Baxter, the former CEO of UM Sydney who moved to New York to take up a global position within IPG Mediabrands, suggested the only thing holding the industry back from focusing on reach over relevance was laziness.
“Why we can’t build our business on that simplicity boggles me,” he said. “Maybe it’s because reach is like a comfortable pair of slippers. It’s an easier and more comfortable conversation for us as an industry to have with clients. Talk about relevance and we usually discuss having a long way to go. The simple answer: I think we’re lazy.”
He likened reliance on reach metrics to a drug the industry had to get off and also parked part of the blame for this reliance on brands.

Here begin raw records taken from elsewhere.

lemma Ssol_in_Op: "Ssol X xi t \<in> Op X"
proof -
  have "bij_betw (Ad_orth (h_exp t) \<circ> B_flow t) (pset X) (pset X)"
    using bij_betw_trans[OF bij_betw_B_flow bij_betw_Ad_orth[OF h_exp_in_stabilizer]] .
  hence "bij_betw (Ssol X xi t) (pset X) (pset X)"
    by (rule bij_betw_cong[THEN iffD1, rotated]) (simp add: Ssol_eq)
  moreover have "ip (Ssol X xi t u) (Ssol X xi t v) = ip u v" if "u \<in> pset X" "v \<in> pset X" for u v
    using that stabilizer_orthogonal[OF h_exp_in_stabilizer]
    by (simp add: Ssol_eq ip_Ad_orth B_flow_in_pset ip_B_flow)
  ultimately show ?thesis
    by (simp add: Op_def Ssol_eq pset_add pset_scaleR linear_add[OF linear_Ad_orth]
        linear_add[OF linear_B_flow] linear_scale[OF linear_Ad_orth] linear_scale[OF linear_B_flow])
qed

lemma Mrhs_eq:
  assumes "w \<in> gset"
  shows "Mrhs X xi t w = - (1/2) *\<^sub>R pr_p_formula X (ad (Ad_orth (h_exp t) (comp_p X xi)) w)"
proof -
  have "ad (Ad_orth (h_exp t) (comp_p X xi)) w \<in> gset"
    by (intro ad_in_gset Ad_orth_in_gset assms pset_subset_gset[OF comp_p_in_pset])
  thus ?thesis
    using h_exp_in_stabilizer[of t]
    by (simp add: Mrhs_def Ad_eq_Ad_orth stabilizer_def pr_p_eq_pr_p_formula)
qed

lemma Mrhs_Ad_orth:
  assumes "w \<in> gset"
  shows "Mrhs X xi t (Ad_orth (h_exp t) w)
           = Ad_orth (h_exp t) (- (1/2) *\<^sub>R pr_p_formula X (ad (comp_p X xi) w))"
proof -
  have "ad (comp_p X xi) w \<in> gset"
    by (intro ad_in_gset assms pset_subset_gset[OF comp_p_in_pset])
  thus ?thesis
    using assms h_exp_in_stabilizer[of t] stabilizer_orthogonal[OF h_exp_in_stabilizer[of t]]
    by (simp add: Mrhs_eq Ad_orth_in_gset pr_p_formula_Ad_orth linear_scale[OF linear_Ad_orth]
        linear_neg[OF linear_Ad_orth] flip: Ad_orth_ad)
qed

lemma has_vector_derivative_Ad_orth_h_exp_B_flow:
  "((\<lambda>s. Ad_orth (h_exp s) (B_flow s v)) has_vector_derivative
     Ad_orth (h_exp t) (ad (comp_h X xi) (B_flow t v) - B_op (B_flow t v))) (at t)"
proof -
  have skew: "skew (fst (comp_h X xi))" "skew (snd (comp_h X xi))"
    using comp_h_in_hset by (simp_all add: hset_iff)
  have "((\<lambda>s. fst (B_flow s v)) has_vector_derivative fst (- B_op (B_flow t v))) (at t)"
    "((\<lambda>s. snd (B_flow s v)) has_vector_derivative snd (- B_op (B_flow t v))) (at t)"
    by (rule bounded_linear.has_vector_derivative[OF bounded_linear_fst has_vector_derivative_B_flow]
        bounded_linear.has_vector_derivative[OF bounded_linear_snd has_vector_derivative_B_flow])+
  from has_vector_derivative_Pair[OF
      has_vector_derivative_conj_transpose[OF has_vector_derivative_mexp skew(1) this(1)]
      has_vector_derivative_conj_transpose[OF has_vector_derivative_mexp skew(2) this(2)]]
  show ?thesis by (simp add: Ad_orth_def gexp_def ad_def)
qed

lemma has_vector_derivative_Ssol:
  assumes "v \<in> pset X"
  shows "((\<lambda>s. Ssol X xi s v) has_vector_derivative Mrhs X xi t (Ssol X xi t v)) (at t)"
proof -
  have "ad (comp_h X xi) (B_flow t v) - B_op (B_flow t v)
      = - (1/2) *\<^sub>R pr_p_formula X (ad (comp_p X xi) (B_flow t v))"
    by (simp add: B_op_def)
  thus ?thesis
    using has_vector_derivative_Ad_orth_h_exp_B_flow[of v t]
      Mrhs_Ad_orth[OF pset_subset_gset[OF B_flow_in_pset[OF assms]], of t]
    by (simp add: Ssol_eq[OF assms])
qed

lemma Mrhs_diff:
  assumes "a \<in> gset" "b \<in> gset"
  shows "Mrhs X xi t a - Mrhs X xi t b = Mrhs X xi t (a - b)"
  using assms
  by (simp add: Mrhs_eq gset_diff ad.diff_right linear_diff[OF linear_pr_p_formula] algebra_simps)

lemma ip_Mrhs_self:
  assumes "w \<in> pset X" shows "ip (Mrhs X xi t w) w = 0"
proof -
  let ?c = "Ad_orth (h_exp t) (comp_p X xi)"
  have "ad ?c w \<in> gset"
    by (intro ad_in_gset Ad_orth_in_gset pset_subset_gset[OF assms] pset_subset_gset[OF comp_p_in_pset])
  moreover have "ip (ad ?c w) w = 0"
    using ip_ad_left[of ?c w w] ip_commute[of w] by simp
  ultimately show ?thesis
    using assms by (simp add: Mrhs_eq pset_subset_gset ip.minus_left ip.scaleR_left ip_pr_p_formula)
qed

lemma Ssol_unique:
  assumes T0: "\<forall>v\<in>pset X. T 0 v = v"
    and T: "\<forall>t. \<forall>v\<in>pset X. T t v \<in> pset X
              \<and> ((\<lambda>s. T s v) has_vector_derivative Mrhs X xi t (T t v)) (at t)"
    and v: "v \<in> pset X"
  shows "T t v = Ssol X xi t v"
proof -
  define D where "D s = T s v - Ssol X xi s v" for s
  have D_pset: "D s \<in> pset X" for s
    using T v by (simp add: D_def pset_diff Ssol_in_pset)
  have "(D has_vector_derivative Mrhs X xi s (T s v) - Mrhs X xi s (Ssol X xi s v)) (at s)" for s
    unfolding D_def using T v by (intro has_vector_derivative_diff has_vector_derivative_Ssol) auto
  hence D': "(D has_vector_derivative Mrhs X xi s (D s)) (at s)" for s
    using T v by (simp add: Mrhs_diff D_def pset_subset_gset[of _ X] Ssol_in_pset)
  have "ip (D t) (D t) = ip (D 0) (D 0)"
    by (intro bounded_bilinear_constant_if_derivatives_cancel[OF bounded_bilinear_ip D' D'])
       (metis ip_Mrhs_self[OF D_pset] ip_commute add_0)
  also have "\<dots> = 0"
    using T0 v by (simp add: D_def Ssol_zero ip.zero_left)
  finally have "D t = 0" by (rule pset_ip_self_eq_0[OF D_pset])
  thus ?thesis by (simp add: D_def)
qed

end

theorem lemma5p14:
  fixes X :: "real^'k^'n" and xi :: "('n,'k) gl"
  assumes "X \<in> stiefel" and "xi \<in> gset"
  shows "(\<forall>t. Ssol X xi t \<in> Op X)
       \<and> (\<forall>v\<in>pset X. Ssol X xi 0 v = v)
       \<and> (\<forall>t. \<forall>v\<in>pset X. ((\<lambda>s. Ssol X xi s v) has_vector_derivative
              Mrhs X xi t (Ssol X xi t v)) (at t))
       \<and> (\<forall>T :: real \<Rightarrow> ('n,'k) gl \<Rightarrow> ('n,'k) gl.
            (\<forall>v\<in>pset X. T 0 v = v)
            \<and> (\<forall>t. \<forall>v\<in>pset X. T t v \<in> pset X
                 \<and> ((\<lambda>s. T s v) has_vector_derivative Mrhs X xi t (T t v)) (at t))
            \<longrightarrow> (\<forall>t. \<forall>v\<in>pset X. T t v = Ssol X xi t v))"
proof -
  interpret stiefel_ode X xi
    using assms by unfold_locales (simp_all add: stiefel_def)
  show ?thesis
    using Ssol_in_Op Ssol_zero has_vector_derivative_Ssol Ssol_unique by blast
qed

end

“Get off the drug of reach, get off the drug of ratings and unique users, if they didn’t give a crap about what you are doing, it doesn’t matter, it’s waste of money. If we can have that conversation as an industry, we will be in a much better place.

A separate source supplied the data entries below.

(* For $m,n,s\in\mathbb{N}$, $${}_{s+1}F_s\left(\{\tfrac12\}^{s},1-n;\{\tfrac32\}^{s};1\right)=\sum_{k=1}^n(-1)^{k-1}\binom{n}{k}\overline{H}_k(s),$$ $${}_{s+1}F_s\left(\{\tfrac12\}^{s},1-n;\{\tfrac32\}^{s};-1\right)=\sum_{k=1}^n(-1)^{k-1}\binom{n}{k}\overline{H}_k(\overline{s}),$$ and $${}_2F_1(1,1-n;m+n;-1)=(m-1)!\,(m+n-1)\sum_{k=1}^n(-1)^{k-1}\binom{n}{k}G_{m,k}.$$
   Context: $\mathbb{N}$ is the set of positive integers; $\{a\}^s$ denotes $a$ repeated $s$ times. $\overline{H}_k(s)=\sum_{j=0}^{k-1}\frac{1}{(2j+1)^s}$, $\overline{H}_k(\overline{s})=\sum_{j=0}^{k-1}\frac{(-1)^j}{(2j+1)^s}$, and $G_{m,k}=\sum_{j=0}^{k-1}\frac{1}{(2j+1)(2j+2)\cdots(2j+m)}$. ${}_{s+1}F_s(a_1,\ldots,a_{s+1};b_1,\ldots,b_s;x)=\sum_{i\geq 0}\frac{(a_1)_i\cdots(a_{s+1})_i}{(b_1)_i\cdots(b_s)_i}\frac{x^i}{i!}$, with $(a)_0=1$, $(a)_i=a(a+1)\cdots(a+i-1)$ for $i>0$ (a finite sum here since $1-n\leq 0$ is an integer). *)

theory Defs
  imports "HOL-Analysis.Analysis"
begin

text \<open>Defined as an infinite series (suminf); in all uses here it terminates since an upper
  parameter is a nonpositive integer.\<close>
definition hypergeom :: "real list \<Rightarrow> real list \<Rightarrow> real \<Rightarrow> real" where
  "hypergeom as bs x =
     (\<Sum>i. (\<Prod>a\<leftarrow>as. pochhammer a i) / (\<Prod>b\<leftarrow>bs. pochhammer b i) * x ^ i / fact i)"

definition Hbar :: "nat \<Rightarrow> nat \<Rightarrow> real" where
  "Hbar k s = (\<Sum>j<k. 1 / (2 * real j + 1) ^ s)"

definition Hbar_alt :: "nat \<Rightarrow> nat \<Rightarrow> real" where
  "Hbar_alt k s = (\<Sum>j<k. (-1) ^ j / (2 * real j + 1) ^ s)"

definition G :: "nat \<Rightarrow> nat \<Rightarrow> real" where
  "G m k = (\<Sum>j<k. 1 / (\<Prod>i=1..m. 2 * real j + real i))"

end

theory Submission
  imports Defs
begin

(* All three series terminate, because the upper parameter 1 - n kills every Pochhammer factor of
   index at least n, and their terms carry the coefficient (-1)^j C(n - 1, j).  Since the tail
   sums of an alternating binomial row are again binomial coefficients, a sum
   sum_{j<n} (-1)^j C(n - 1, j) a_j is the binomial transform
   sum_{k=1..n} (-1)^(k-1) C(n, k) (a_0 + ... + a_(k-1)) of the partial sums of a.
   That already gives the two 1/2, 3/2 identities.  For the 2F1 identity, write
   (m-1)!/((2j+1)...(2j+m)) as the Beta integral of t^(2j) (1-t)^(m-1): summing against
   (-1)^j C(n - 1, j) gives the integral of (1 - t^2)^(n-1) (1-t)^(m-1) = (1+t)^(n-1) (1-t)^(n+m-2),
   whose binomial expansion is a sum of Beta values equal to the terms of 2F1(1, 1-n; m+n; -1). *)

lemma sum_alternating_binomial_tail:
  assumes "j < n"
  shows "(\<Sum>k=Suc j..n. (-1) ^ (k - 1) * of_nat (n choose k)) =
         ((-1) ^ j * of_nat (n - 1 choose j) :: 'a::field_char_0)"
proof -
  have "(\<Sum>k=Suc j..n. (-1) ^ (k - 1) * of_nat (n choose k)) =
      - (\<Sum>k=Suc j..n. (-1) ^ k * (of_nat (n choose k) :: 'a))"
    by (auto simp: sum_negf[symmetric] intro!: sum.cong dest!: Suc_le_D)
  also have "(\<Sum>k=Suc j..n. (-1) ^ k * of_nat (n choose k)) =
      - (\<Sum>k\<le>j. (-1) ^ k * (of_nat (n choose k) :: 'a))"
  proof -
    have "{..n} = {..j} \<union> {Suc j..n}" using assms by auto
    then have "(\<Sum>k\<le>j. (-1) ^ k * of_nat (n choose k)) + (\<Sum>k=Suc j..n. (-1) ^ k * of_nat (n choose k)) =
        (\<Sum>k\<le>n. (-1) ^ k * (of_nat (n choose k) :: 'a))"
      by (simp add: sum.union_disjoint)
    also have "\<dots> = 0"
      using assms by (intro choose_alternating_sum) simp
    finally show ?thesis by (simp add: eq_neg_iff_add_eq_0 add.commute)
  qed
  also have "(\<Sum>k\<le>j. (-1) ^ k * of_nat (n choose k)) = (-1) ^ j * (of_nat (n - 1 choose j) :: 'a)"
    using gbinomial_sum_lower_neg[of "of_nat n :: 'a" j] assms
    by (simp add: binomial_gbinomial mult.commute)
  finally show ?thesis by simp
qed

lemma binomial_transform_partial_sums:
  "(\<Sum>k=1..n. (-1) ^ (k - 1) * of_nat (n choose k) * (\<Sum>j<k. a j)) =
   (\<Sum>j<n. (-1) ^ j * of_nat (n - 1 choose j) * (a j :: 'a::field_char_0))"
proof -
  have "(\<Sum>k=1..n. (-1) ^ (k - 1) * of_nat (n choose k) * (\<Sum>j<k. a j)) =
        (\<Sum>k\<le>n. \<Sum>j<k. (-1) ^ (k - 1) * of_nat (n choose k) * a j)"
    by (simp add: sum_distrib_left atMost_atLeast0 sum.atLeast_Suc_atMost)
  also have "\<dots> = (\<Sum>j<n. (\<Sum>k=Suc j..n. (-1) ^ (k - 1) * of_nat (n choose k)) * a j)"
    by (simp add: sum.nested_swap' sum_distrib_right)
  also have "\<dots> = (\<Sum>j<n. (-1) ^ j * of_nat (n - 1 choose j) * a j)"
    by (intro sum.cong refl) (metis lessThan_iff sum_alternating_binomial_tail)
  finally show ?thesis .
qed

lemma pochhammer_minus_of_nat_div_fact:
  "pochhammer (- of_nat N) i / fact i = ((-1) ^ i * of_nat (N choose i) :: 'a::field_char_0)"
  by (simp add: binomial_gbinomial gbinomial_pochhammer)

lemma pochhammer_div_pochhammer_plus1:
  assumes "a > 0"
  shows "pochhammer a i / pochhammer (a + 1) i = a / (a + of_nat i :: 'a::linordered_field)"
proof -
  have "a * pochhammer (a + 1) i = (a + of_nat i) * pochhammer a i"
    by (metis pochhammer_rec pochhammer_rec')
  moreover have "pochhammer (a + 1) i > 0" "a + of_nat i > 0"
    using assms by (simp_all add: pochhammer_pos add_pos_nonneg)
  ultimately show ?thesis by (simp add: field_simps)
qed

lemma pochhammer_plus1_eq_prod:
  "pochhammer (x + 1) m = (\<Prod>i=1..m. x + of_nat i)"
  by (simp add: pochhammer_prod atLeast0LessThan prod.atLeast1_atMost_eq add_ac)

lemma hypergeom_terminating:
  assumes "- real N \<in> set as"
  shows "hypergeom as bs x =
    (\<Sum>i\<le>N. (\<Prod>a\<leftarrow>as. pochhammer a i) / (\<Prod>b\<leftarrow>bs. pochhammer b i) * x ^ i / fact i)"
  unfolding hypergeom_def
proof (rule suminf_finite)
  show "(\<Prod>a\<leftarrow>as. pochhammer a i) / (\<Prod>b\<leftarrow>bs. pochhammer b i) * x ^ i / fact i = 0"
    if "i \<notin> {..N}" for i
  proof -
    have "pochhammer (- real N) i = 0"
      using that by (intro pochhammer_of_nat_eq_0_lemma) simp
    then have "(\<Prod>a\<leftarrow>as. pochhammer a i) = 0"
      using assms by (force simp: prod_list_zero_iff)
    then show ?thesis by simp
  qed
qed simp

lemma hypergeom_halves_binomial_transform:
  assumes "n \<ge> 1"
  shows "hypergeom (replicate s (1/2) @ [1 - real n]) (replicate s (3/2)) x =
    (\<Sum>k=1..n. (-1) ^ (k - 1) * real (n choose k) * (\<Sum>j<k. x ^ j / (2 * real j + 1) ^ s))"
proof -
  obtain N where n: "n = Suc N" using assms by (cases n) auto
  then have upper: "1 - real n = - real N" by simp
  have half: "pochhammer (1/2) i / pochhammer (3/2) i = 1 / (2 * real i + 1)" for i
    using pochhammer_div_pochhammer_plus1[of "1/2 :: real" i] by simp
  have "hypergeom (replicate s (1/2) @ [1 - real n]) (replicate s (3/2)) x =
      (\<Sum>i\<le>N. (\<Prod>a\<leftarrow>replicate s (1/2) @ [- real N]. pochhammer a i) /
        (\<Prod>b\<leftarrow>replicate s (3/2). pochhammer b i) * x ^ i / fact i)"
    unfolding upper by (rule hypergeom_terminating) simp
  also have "\<dots> = (\<Sum>i\<le>N. (pochhammer (1/2) i / pochhammer (3/2) i) ^ s *
      (pochhammer (- real N) i / fact i) * x ^ i)"
    by (simp add: power_divide)
  also have "\<dots> = (\<Sum>j<n. (-1) ^ j * real (n - 1 choose j) * (x ^ j / (2 * real j + 1) ^ s))"
    by (simp add: n half pochhammer_minus_of_nat_div_fact power_divide lessThan_Suc_atMost)
  also have "\<dots> = (\<Sum>k=1..n. (-1) ^ (k - 1) * real (n choose k) * (\<Sum>j<k. x ^ j / (2 * real j + 1) ^ s))"
    by (rule binomial_transform_partial_sums[symmetric])
  finally show ?thesis .
qed

lemma hypergeom_2F1_one_neg_one:
  "hypergeom [1, - real N] [c] (-1) = (\<Sum>i\<le>N. real (N choose i) * fact i / pochhammer c i)"
proof -
  have "hypergeom [1, - real N] [c] (-1) =
      (\<Sum>i\<le>N. pochhammer 1 i * pochhammer (- real N) i / pochhammer c i * (-1) ^ i / fact i)"
    using hypergeom_terminating[of N "[1, - real N]" "[c]" "-1"] by simp
  also have "\<dots> = (\<Sum>i\<le>N. real (N choose i) * fact i / pochhammer c i)"
  proof (intro sum.cong refl)
    fix i
    have "pochhammer (- real N) i = (-1) ^ i * real (N choose i) * fact i"
      using pochhammer_minus_of_nat_div_fact[of N i] by (simp add: field_simps)
    then show "pochhammer 1 i * pochhammer (- real N) i / pochhammer c i * (-1) ^ i / fact i =
        real (N choose i) * fact i / pochhammer c i"
      by (simp flip: pochhammer_fact power_add)
  qed
  finally show ?thesis .
qed

lemma Beta_of_nat_plus1_left:
  assumes "y > 0"
  shows "Beta (real a + 1) y = fact a / pochhammer y (Suc a)"
proof -
  have "Gamma (real a + 1) = fact a"
    using Gamma_fact[of a] by (simp add: add.commute)
  moreover have "pochhammer y (Suc a) = Gamma (real a + 1 + y) / Gamma y"
    using assms by (subst pochhammer_Gamma) (auto simp: add_ac elim!: nonpos_Ints_cases)
  moreover have "Gamma y \<noteq> 0"
    using Gamma_real_pos[OF assms] by simp
  ultimately show ?thesis by (simp add: Beta_def)
qed

lemma has_integral_Beta_nat:
  "((\<lambda>t::real. t ^ a * (1 - t) ^ b) has_integral Beta (real a + 1) (real b + 1)) {0..1}"
proof (rule has_integral_spike_finite)
  show "((\<lambda>t. t powr (real a + 1 - 1) * (1 - t) powr (real b + 1 - 1)) has_integral
          Beta (real a + 1) (real b + 1)) {0..1}"
    by (rule has_integral_Beta_real) auto
  show "t ^ a * (1 - t) ^ b = t powr (real a + 1 - 1) * (1 - t) powr (real b + 1 - 1)"
    if "t \<in> {0..1} - {0, 1}" for t :: real
    \<comment> \<open>the endpoints must be excluded since \<open>0 powr 0 = 0\<close>\<close>
    using that by (simp add: powr_realpow)
qed simp

lemma sum_alternating_binomial_Beta_even:
  "(\<Sum>j\<le>N. (-1) ^ j * real (N choose j) * Beta (real (2 * j) + 1) (real b + 1)) =
   (\<Sum>j\<le>N. real (N choose j) * Beta (real j + 1) (real (N + b) + 1))"
proof -
  have "(1 - t\<^sup>2) ^ N * (1 - t) ^ b =
      (\<Sum>j\<le>N. (-1) ^ j * real (N choose j) * (t ^ (2 * j) * (1 - t) ^ b))" for t :: real
  proof -
    have "(- t\<^sup>2) ^ j = (-1) ^ j * t ^ (2 * j)" for j
      by (subst power_mult) (rule power_minus)
    then have "(1 - t\<^sup>2) ^ N = (\<Sum>j\<le>N. (-1) ^ j * real (N choose j) * t ^ (2 * j))"
      using binomial_ring[of "- t\<^sup>2" 1 N] by (simp add: mult_ac)
    then show ?thesis
      by (simp add: sum_distrib_right mult.assoc)
  qed
  then have "((\<lambda>t. (1 - t\<^sup>2) ^ N * (1 - t) ^ b) has_integral
      (\<Sum>j\<le>N. (-1) ^ j * real (N choose j) * Beta (real (2 * j) + 1) (real b + 1))) {0..1}"
    by (simp only:) (intro has_integral_sum finite_atMost has_integral_mult_right has_integral_Beta_nat)
  moreover have "(1 - t\<^sup>2) ^ N * (1 - t) ^ b =
      (\<Sum>j\<le>N. real (N choose j) * (t ^ j * (1 - t) ^ (N + b)))" for t :: real
  proof -
    have "1 - t\<^sup>2 = (t + 1) * (1 - t)"
      by (simp add: power2_eq_square algebra_simps)
    then have "(1 - t\<^sup>2) ^ N * (1 - t) ^ b = (t + 1) ^ N * (1 - t) ^ (N + b)"
      by (simp only: power_add power_mult_distrib mult.assoc)
    also have "(t + 1) ^ N = (\<Sum>j\<le>N. real (N choose j) * t ^ j)"
      using binomial_ring[of t 1 N] by simp
    finally show ?thesis by (simp add: sum_distrib_right mult.assoc)
  qed
  then have "((\<lambda>t. (1 - t\<^sup>2) ^ N * (1 - t) ^ b) has_integral
      (\<Sum>j\<le>N. real (N choose j) * Beta (real j + 1) (real (N + b) + 1))) {0..1}"
    by (simp only:) (intro has_integral_sum finite_atMost has_integral_mult_right has_integral_Beta_nat)
  ultimately show ?thesis by (rule has_integral_unique)
qed

lemma hypergeom_2F1_neg_one_eq_G_sum:
  assumes "m \<ge> 1" and "n \<ge> 1"
  shows "hypergeom [1, 1 - real n] [real m + real n] (-1) =
    fact (m - 1) * (real m + real n - 1) * (\<Sum>k=1..n. (-1) ^ (k - 1) * real (n choose k) * G m k)"
proof -
  obtain N b where n: "n = Suc N" and m: "m = Suc b"
    using assms by (metis Suc_le_D One_nat_def)
  have G_summand_eq_Beta: "fact b / (\<Prod>i=1..m. 2 * real j + real i) = Beta (real (2 * j) + 1) (real b + 1)" for j
    using Beta_of_nat_plus1_left[of "2 * real j + 1" b]
    by (simp add: Beta_commute m pochhammer_plus1_eq_prod)
  have Beta_eq_hypergeom_summand: "real (m + N) * Beta (real j + 1) (real (N + b) + 1) =
      fact j / pochhammer (real m + real n) j" for j
    using Beta_of_nat_plus1_left[of "real (N + b) + 1" j]
    by (simp add: pochhammer_rec m n add_ac)
  have "fact (m - 1) * (real m + real n - 1) * (\<Sum>k=1..n. (-1) ^ (k - 1) * real (n choose k) * G m k) =
      real (m + N) * (\<Sum>j\<le>N. (-1) ^ j * real (N choose j) * (fact b / (\<Prod>i=1..m. 2 * real j + real i)))"
    unfolding G_def binomial_transform_partial_sums
    by (simp add: m n lessThan_Suc_atMost sum_distrib_left mult_ac)
  also have "\<dots> = real (m + N) * (\<Sum>j\<le>N. real (N choose j) * Beta (real j + 1) (real (N + b) + 1))"
    by (simp only: G_summand_eq_Beta sum_alternating_binomial_Beta_even)
  also have "\<dots> = (\<Sum>j\<le>N. real (N choose j) * fact j / pochhammer (real m + real n) j)"
    unfolding sum_distrib_left
    by (intro sum.cong refl) (metis Beta_eq_hypergeom_summand mult.left_commute times_divide_eq_right)
  also have "\<dots> = hypergeom [1, 1 - real n] [real m + real n] (-1)"
    using hypergeom_2F1_one_neg_one[of N] n by simp
  finally show ?thesis ..
qed

theorem corollary3p6:
  fixes m n s :: nat
  assumes "m \<ge> 1" and "n \<ge> 1" and "s \<ge> 1"
  shows "hypergeom (replicate s (1/2) @ [1 - real n]) (replicate s (3/2)) 1
           = (\<Sum>k=1..n. (-1) ^ (k - 1) * real (n choose k) * Hbar k s) \<and>
         hypergeom (replicate s (1/2) @ [1 - real n]) (replicate s (3/2)) (-1)
           = (\<Sum>k=1..n. (-1) ^ (k - 1) * real (n choose k) * Hbar_alt k s) \<and>
         hypergeom [1, 1 - real n] [real m + real n] (-1)
           = fact (m - 1) * (real m + real n - 1) * (\<Sum>k=1..n. (-1) ^ (k - 1) * real (n choose k) * G m k)"
proof -
  have "hypergeom (replicate s (1/2) @ [1 - real n]) (replicate s (3/2)) 1
      = (\<Sum>k=1..n. (-1) ^ (k - 1) * real (n choose k) * Hbar k s)"
    using hypergeom_halves_binomial_transform[OF assms(2), of s 1] by (simp add: Hbar_def)
  moreover have "hypergeom (replicate s (1/2) @ [1 - real n]) (replicate s (3/2)) (-1)
      = (\<Sum>k=1..n. (-1) ^ (k - 1) * real (n choose k) * Hbar_alt k s)"
    using hypergeom_halves_binomial_transform[OF assms(2), of s "-1"] by (simp add: Hbar_alt_def)
  ultimately show ?thesis
    using hypergeom_2F1_neg_one_eq_G_sum[OF assms(1,2)] by blast
qed

end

“Let’s go back a step, we still have clients putting GRP, brand awareness and reach as their number one priority on a plan. To me, that is a massive challenge that we all have to tackle. I don’t have the answer, I am being an antagonist on purpose to get the conversation started.”
The issue of relevance over reach has become significantly greater in light of shifting consumer trends, Baxter suggested, with traditional advertising techniques no longer providing the cut through required to move a brand forward.
Instead, brands needed to get into the consumer psyche and create culturally relevant content, something that was infinitely harder to achieve.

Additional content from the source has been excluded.